Items from a dataset:
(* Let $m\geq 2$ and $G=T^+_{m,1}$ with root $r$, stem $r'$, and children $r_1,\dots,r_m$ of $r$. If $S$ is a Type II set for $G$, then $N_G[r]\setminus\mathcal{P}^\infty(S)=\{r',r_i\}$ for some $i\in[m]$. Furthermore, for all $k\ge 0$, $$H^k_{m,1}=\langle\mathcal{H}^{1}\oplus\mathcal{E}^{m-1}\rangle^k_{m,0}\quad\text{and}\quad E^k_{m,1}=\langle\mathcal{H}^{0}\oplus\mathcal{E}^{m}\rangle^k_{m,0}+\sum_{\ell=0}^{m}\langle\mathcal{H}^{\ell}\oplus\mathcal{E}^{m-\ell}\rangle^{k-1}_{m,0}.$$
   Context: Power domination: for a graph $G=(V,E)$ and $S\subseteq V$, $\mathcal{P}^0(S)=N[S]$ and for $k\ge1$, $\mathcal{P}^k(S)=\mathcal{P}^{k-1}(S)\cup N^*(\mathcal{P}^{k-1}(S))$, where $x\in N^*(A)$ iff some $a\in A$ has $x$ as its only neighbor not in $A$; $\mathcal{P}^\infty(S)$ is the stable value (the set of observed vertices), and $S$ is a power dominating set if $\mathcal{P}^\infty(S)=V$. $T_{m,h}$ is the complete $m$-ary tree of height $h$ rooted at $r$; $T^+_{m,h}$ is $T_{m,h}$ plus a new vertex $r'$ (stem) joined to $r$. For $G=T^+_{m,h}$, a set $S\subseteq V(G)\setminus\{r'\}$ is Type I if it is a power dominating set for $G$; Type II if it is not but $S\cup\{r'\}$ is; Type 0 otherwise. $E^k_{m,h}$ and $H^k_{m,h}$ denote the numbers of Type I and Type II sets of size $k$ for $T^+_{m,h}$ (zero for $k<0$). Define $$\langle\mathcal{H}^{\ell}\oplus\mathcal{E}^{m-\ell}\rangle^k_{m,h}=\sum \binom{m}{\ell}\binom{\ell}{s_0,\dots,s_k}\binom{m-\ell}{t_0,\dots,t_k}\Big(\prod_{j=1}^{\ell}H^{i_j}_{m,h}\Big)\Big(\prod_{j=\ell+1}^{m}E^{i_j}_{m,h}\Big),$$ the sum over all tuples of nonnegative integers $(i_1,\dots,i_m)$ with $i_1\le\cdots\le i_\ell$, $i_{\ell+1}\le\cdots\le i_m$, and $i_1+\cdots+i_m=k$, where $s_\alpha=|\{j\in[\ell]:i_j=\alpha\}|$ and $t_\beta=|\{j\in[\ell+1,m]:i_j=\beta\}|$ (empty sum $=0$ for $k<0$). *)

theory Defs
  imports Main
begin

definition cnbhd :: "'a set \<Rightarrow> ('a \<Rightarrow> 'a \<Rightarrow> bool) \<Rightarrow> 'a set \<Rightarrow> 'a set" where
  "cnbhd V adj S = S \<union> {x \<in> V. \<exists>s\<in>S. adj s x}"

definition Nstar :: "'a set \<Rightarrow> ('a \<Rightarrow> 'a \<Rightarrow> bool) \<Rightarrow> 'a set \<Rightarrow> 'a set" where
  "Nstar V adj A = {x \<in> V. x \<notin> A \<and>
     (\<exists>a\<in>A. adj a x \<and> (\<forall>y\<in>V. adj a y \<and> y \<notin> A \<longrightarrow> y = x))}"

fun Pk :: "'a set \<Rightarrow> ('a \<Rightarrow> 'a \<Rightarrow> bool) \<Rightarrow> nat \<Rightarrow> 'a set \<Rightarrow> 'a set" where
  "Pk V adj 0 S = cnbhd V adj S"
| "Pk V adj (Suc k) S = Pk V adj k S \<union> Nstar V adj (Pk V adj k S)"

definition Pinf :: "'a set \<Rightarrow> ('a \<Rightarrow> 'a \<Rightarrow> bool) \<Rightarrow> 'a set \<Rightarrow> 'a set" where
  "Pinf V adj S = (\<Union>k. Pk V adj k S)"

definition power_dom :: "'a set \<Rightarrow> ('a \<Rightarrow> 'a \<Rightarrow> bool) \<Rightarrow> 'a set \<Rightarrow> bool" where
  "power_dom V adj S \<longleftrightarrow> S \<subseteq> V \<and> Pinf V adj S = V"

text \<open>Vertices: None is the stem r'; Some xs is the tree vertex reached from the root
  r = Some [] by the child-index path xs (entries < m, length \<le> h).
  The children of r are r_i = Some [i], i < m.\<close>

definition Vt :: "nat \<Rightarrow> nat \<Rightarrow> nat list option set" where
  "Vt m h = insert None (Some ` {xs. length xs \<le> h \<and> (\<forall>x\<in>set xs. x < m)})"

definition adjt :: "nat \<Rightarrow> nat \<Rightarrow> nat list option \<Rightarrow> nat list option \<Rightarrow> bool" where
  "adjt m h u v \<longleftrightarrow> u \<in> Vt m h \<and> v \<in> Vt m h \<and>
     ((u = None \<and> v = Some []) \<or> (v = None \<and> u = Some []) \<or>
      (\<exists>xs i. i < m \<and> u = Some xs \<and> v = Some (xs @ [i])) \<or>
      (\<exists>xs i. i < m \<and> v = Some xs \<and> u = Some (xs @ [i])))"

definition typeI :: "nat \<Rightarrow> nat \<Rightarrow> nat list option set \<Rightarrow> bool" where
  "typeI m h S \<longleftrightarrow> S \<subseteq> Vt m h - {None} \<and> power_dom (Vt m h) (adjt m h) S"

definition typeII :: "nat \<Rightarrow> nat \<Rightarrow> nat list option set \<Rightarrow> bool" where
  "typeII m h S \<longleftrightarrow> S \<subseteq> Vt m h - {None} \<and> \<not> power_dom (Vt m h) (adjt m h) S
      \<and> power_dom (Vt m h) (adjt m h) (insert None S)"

**EXERCISE DIRECTIONS**
Above are the entries; return each one exactly.

**REPLY**
(* Let $m\geq 2$ and $G=T^+_{m,1}$ with root $r$, stem $r'$, and children $r_1,\dots,r_m$ of $r$. If $S$ is a Type II set for $G$, then $N_G[r]\setminus\mathcal{P}^\infty(S)=\{r',r_i\}$ for some $i\in[m]$. Furthermore, for all $k\ge 0$, $$H^k_{m,1}=\langle\mathcal{H}^{1}\oplus\mathcal{E}^{m-1}\rangle^k_{m,0}\quad\text{and}\quad E^k_{m,1}=\langle\mathcal{H}^{0}\oplus\mathcal{E}^{m}\rangle^k_{m,0}+\sum_{\ell=0}^{m}\langle\mathcal{H}^{\ell}\oplus\mathcal{E}^{m-\ell}\rangle^{k-1}_{m,0}.$$
   Context: Power domination: for a graph $G=(V,E)$ and $S\subseteq V$, $\mathcal{P}^0(S)=N[S]$ and for $k\ge1$, $\mathcal{P}^k(S)=\mathcal{P}^{k-1}(S)\cup N^*(\mathcal{P}^{k-1}(S))$, where $x\in N^*(A)$ iff some $a\in A$ has $x$ as its only neighbor not in $A$; $\mathcal{P}^\infty(S)$ is the stable value (the set of observed vertices), and $S$ is a power dominating set if $\mathcal{P}^\infty(S)=V$. $T_{m,h}$ is the complete $m$-ary tree of height $h$ rooted at $r$; $T^+_{m,h}$ is $T_{m,h}$ plus a new vertex $r'$ (stem) joined to $r$. For $G=T^+_{m,h}$, a set $S\subseteq V(G)\setminus\{r'\}$ is Type I if it is a power dominating set for $G$; Type II if it is not but $S\cup\{r'\}$ is; Type 0 otherwise. $E^k_{m,h}$ and $H^k_{m,h}$ denote the numbers of Type I and Type II sets of size $k$ for $T^+_{m,h}$ (zero for $k<0$). Define $$\langle\mathcal{H}^{\ell}\oplus\mathcal{E}^{m-\ell}\rangle^k_{m,h}=\sum \binom{m}{\ell}\binom{\ell}{s_0,\dots,s_k}\binom{m-\ell}{t_0,\dots,t_k}\Big(\prod_{j=1}^{\ell}H^{i_j}_{m,h}\Big)\Big(\prod_{j=\ell+1}^{m}E^{i_j}_{m,h}\Big),$$ the sum over all tuples of nonnegative integers $(i_1,\dots,i_m)$ with $i_1\le\cdots\le i_\ell$, $i_{\ell+1}\le\cdots\le i_m$, and $i_1+\cdots+i_m=k$, where $s_\alpha=|\{j\in[\ell]:i_j=\alpha\}|$ and $t_\beta=|\{j\in[\ell+1,m]:i_j=\beta\}|$ (empty sum $=0$ for $k<0$). *)

theory Defs
  imports Main
begin

definition cnbhd :: "'a set \<Rightarrow> ('a \<Rightarrow> 'a \<Rightarrow> bool) \<Rightarrow> 'a set \<Rightarrow> 'a set" where
  "cnbhd V adj S = S \<union> {x \<in> V. \<exists>s\<in>S. adj s x}"

definition Nstar :: "'a set \<Rightarrow> ('a \<Rightarrow> 'a \<Rightarrow> bool) \<Rightarrow> 'a set \<Rightarrow> 'a set" where
  "Nstar V adj A = {x \<in> V. x \<notin> A \<and>
     (\<exists>a\<in>A. adj a x \<and> (\<forall>y\<in>V. adj a y \<and> y \<notin> A \<longrightarrow> y = x))}"

fun Pk :: "'a set \<Rightarrow> ('a \<Rightarrow> 'a \<Rightarrow> bool) \<Rightarrow> nat \<Rightarrow> 'a set \<Rightarrow> 'a set" where
  "Pk V adj 0 S = cnbhd V adj S"
| "Pk V adj (Suc k) S = Pk V adj k S \<union> Nstar V adj (Pk V adj k S)"

definition Pinf :: "'a set \<Rightarrow> ('a \<Rightarrow> 'a \<Rightarrow> bool) \<Rightarrow> 'a set \<Rightarrow> 'a set" where
  "Pinf V adj S = (\<Union>k. Pk V adj k S)"

definition power_dom :: "'a set \<Rightarrow> ('a \<Rightarrow> 'a \<Rightarrow> bool) \<Rightarrow> 'a set \<Rightarrow> bool" where
  "power_dom V adj S \<longleftrightarrow> S \<subseteq> V \<and> Pinf V adj S = V"

text \<open>Vertices: None is the stem r'; Some xs is the tree vertex reached from the root
  r = Some [] by the child-index path xs (entries < m, length \<le> h).
  The children of r are r_i = Some [i], i < m.\<close>

definition Vt :: "nat \<Rightarrow> nat \<Rightarrow> nat list option set" where
  "Vt m h = insert None (Some ` {xs. length xs \<le> h \<and> (\<forall>x\<in>set xs. x < m)})"

definition adjt :: "nat \<Rightarrow> nat \<Rightarrow> nat list option \<Rightarrow> nat list option \<Rightarrow> bool" where
  "adjt m h u v \<longleftrightarrow> u \<in> Vt m h \<and> v \<in> Vt m h \<and>
     ((u = None \<and> v = Some []) \<or> (v = None \<and> u = Some []) \<or>
      (\<exists>xs i. i < m \<and> u = Some xs \<and> v = Some (xs @ [i])) \<or>
      (\<exists>xs i. i < m \<and> v = Some xs \<and> u = Some (xs @ [i])))"

definition typeI :: "nat \<Rightarrow> nat \<Rightarrow> nat list option set \<Rightarrow> bool" where
  "typeI m h S \<longleftrightarrow> S \<subseteq> Vt m h - {None} \<and> power_dom (Vt m h) (adjt m h) S"

definition typeII :: "nat \<Rightarrow> nat \<Rightarrow> nat list option set \<Rightarrow> bool" where
  "typeII m h S \<longleftrightarrow> S \<subseteq> Vt m h - {None} \<and> \<not> power_dom (Vt m h) (adjt m h) S
      \<and> power_dom (Vt m h) (adjt m h) (insert None S)"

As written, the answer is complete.